Content starts

lemma short_factors:
  assumes "occurs_at z t" "2 \<le> length z" "length z \<le> 3"
  shows "z \<in> {[0, 0], [0, 1], [1, 0], [0, 0, 1], [0, 1, 0], [1, 0, 0], [1, 0, 1]}"
proof -
  obtain a b r where z: "z = a # b # r" "length r \<le> 1"
    using assms(2,3) by (cases z rule: remdups_adj.cases) auto
  have ab: "fib_word t = a" "fib_word (Suc t) = b" "occurs_at r (Suc (Suc t))"
    using assms(1) z by (simp_all add: occurs_at_Cons)
  then have "a \<in> {0, 1}" "b \<in> {0, 1}" "\<not> (a = 1 \<and> b = 1)"
    using fib_word_cases[of t] fib_word_cases[of "Suc t"] fib_word_no_11[of t] by auto
  moreover have "r = [] \<or> (\<exists>c \<in> {0, 1}. r = [c] \<and> \<not> (b = 1 \<and> c = 1) \<and> \<not> (a = 0 \<and> b = 0 \<and> c = 0))"
    using z(2) ab fib_word_cases[of "Suc (Suc t)"] fib_word_no_11[of "Suc t"] fib_word_no_000[of t]
    by (cases r) (auto simp: occurs_at_Cons)
  ultimately show ?thesis
    unfolding z by auto
qed

lemma image_gapped_short:
  "occurs_at z t \<Longrightarrow> 2 \<le> length z \<Longrightarrow> length z \<le> 3 \<Longrightarrow> image_gapped z"
  using short_factors image_gapped_short_factors by blast

lemma gapped_long_factor: "occurs_at w s \<Longrightarrow> 4 \<le> length w \<Longrightarrow> gapped w"
proof (induction "length w" arbitrary: w s rule: less_induct)
  case less
  obtain w' s' where w': "occurs_at w' s'" "hd w' = 0" "last w' = 0" "length w \<le> length w'"
    "count_list w' 0 \<le> length w" "gapped w' \<Longrightarrow> gapped w"
    using zero_bordered_extension[OF less.prems(1)] less.prems(2) by auto
  then have "w' \<noteq> []"
    using less.prems(2) by auto
  then obtain t z where z: "occurs_at z t" "w' = subst_word z @ [0]"
    using occurs_at_desubst w' by metis
  have "length z < length w"
    using w'(5) z(2) by (simp add: count_list_subst_word_0)
  moreover have "2 \<le> length z"
    using w'(4) z(2) less.prems(2) count_le_length[of z 0] by (simp add: length_subst_word)
  ultimately have "image_gapped z"
    using less.hyps[OF _ z(1)] image_gapped_short[OF z(1)] gapped_imp_image_gapped
    by (cases "4 \<le> length z") auto
  then show ?case
    using image_gapped_imp_gapped_subst z(2) w'(6) by blast
qed

lemma occ_window:
  "occ (map fib_word [p..<p + n]) w = card {j. j + length w \<le> n \<and> occurs_at w (p + j)}"
proof -
  have "take (length w) (drop j (map fib_word [p..<p + n])) = map fib_word [p + j..<p + j + length w]"
    if "j + length w \<le> n" for j
    using that by (simp add: drop_map take_map)
  then show ?thesis
    unfolding occ_def occurs_at_def by (intro arg_cong[where f = card]) auto
qed

lemma is_factor_window: "is_factor fib_word (map fib_word [p..<p + n])"
  unfolding is_factor_def by (intro exI[of _ p]) simp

Content ends

▶ TASK OBJECTIVE: Output the listing above without altering a single character.

▶ ANSWER TO THE EXERCISE:
lemma short_factors:
  assumes "occurs_at z t" "2 \<le> length z" "length z \<le> 3"
  shows "z \<in> {[0, 0], [0, 1], [1, 0], [0, 0, 1], [0, 1, 0], [1, 0, 0], [1, 0, 1]}"
proof -
  obtain a b r where z: "z = a # b # r" "length r \<le> 1"
    using assms(2,3) by (cases z rule: remdups_adj.cases) auto
  have ab: "fib_word t = a" "fib_word (Suc t) = b" "occurs_at r (Suc (Suc t))"
    using assms(1) z by (simp_all add: occurs_at_Cons)
  then have "a \<in> {0, 1}" "b \<in> {0, 1}" "\<not> (a = 1 \<and> b = 1)"
    using fib_word_cases[of t] fib_word_cases[of "Suc t"] fib_word_no_11[of t] by auto
  moreover have "r = [] \<or> (\<exists>c \<in> {0, 1}. r = [c] \<and> \<not> (b = 1 \<and> c = 1) \<and> \<not> (a = 0 \<and> b = 0 \<and> c = 0))"
    using z(2) ab fib_word_cases[of "Suc (Suc t)"] fib_word_no_11[of "Suc t"] fib_word_no_000[of t]
    by (cases r) (auto simp: occurs_at_Cons)
  ultimately show ?thesis
    unfolding z by auto
qed

lemma image_gapped_short:
  "occurs_at z t \<Longrightarrow> 2 \<le> length z \<Longrightarrow> length z \<le> 3 \<Longrightarrow> image_gapped z"
  using short_factors image_gapped_short_factors by blast

lemma gapped_long_factor: "occurs_at w s \<Longrightarrow> 4 \<le> length w \<Longrightarrow> gapped w"
proof (induction "length w" arbitrary: w s rule: less_induct)
  case less
  obtain w' s' where w': "occurs_at w' s'" "hd w' = 0" "last w' = 0" "length w \<le> length w'"
    "count_list w' 0 \<le> length w" "gapped w' \<Longrightarrow> gapped w"
    using zero_bordered_extension[OF less.prems(1)] less.prems(2) by auto
  then have "w' \<noteq> []"
    using less.prems(2) by auto
  then obtain t z where z: "occurs_at z t" "w' = subst_word z @ [0]"
    using occurs_at_desubst w' by metis
  have "length z < length w"
    using w'(5) z(2) by (simp add: count_list_subst_word_0)
  moreover have "2 \<le> length z"
    using w'(4) z(2) less.prems(2) count_le_length[of z 0] by (simp add: length_subst_word)
  ultimately have "image_gapped z"
    using less.hyps[OF _ z(1)] image_gapped_short[OF z(1)] gapped_imp_image_gapped
    by (cases "4 \<le> length z") auto
  then show ?case
    using image_gapped_imp_gapped_subst z(2) w'(6) by blast
qed

lemma occ_window:
  "occ (map fib_word [p..<p + n]) w = card {j. j + length w \<le> n \<and> occurs_at w (p + j)}"
proof -
  have "take (length w) (drop j (map fib_word [p..<p + n])) = map fib_word [p + j..<p + j + length w]"
    if "j + length w \<le> n" for j
    using that by (simp add: drop_map take_map)
  then show ?thesis
    unfolding occ_def occurs_at_def by (intro arg_cong[where f = card]) auto
qed

lemma is_factor_window: "is_factor fib_word (map fib_word [p..<p + n])"
  unfolding is_factor_def by (intro exI[of _ p]) simp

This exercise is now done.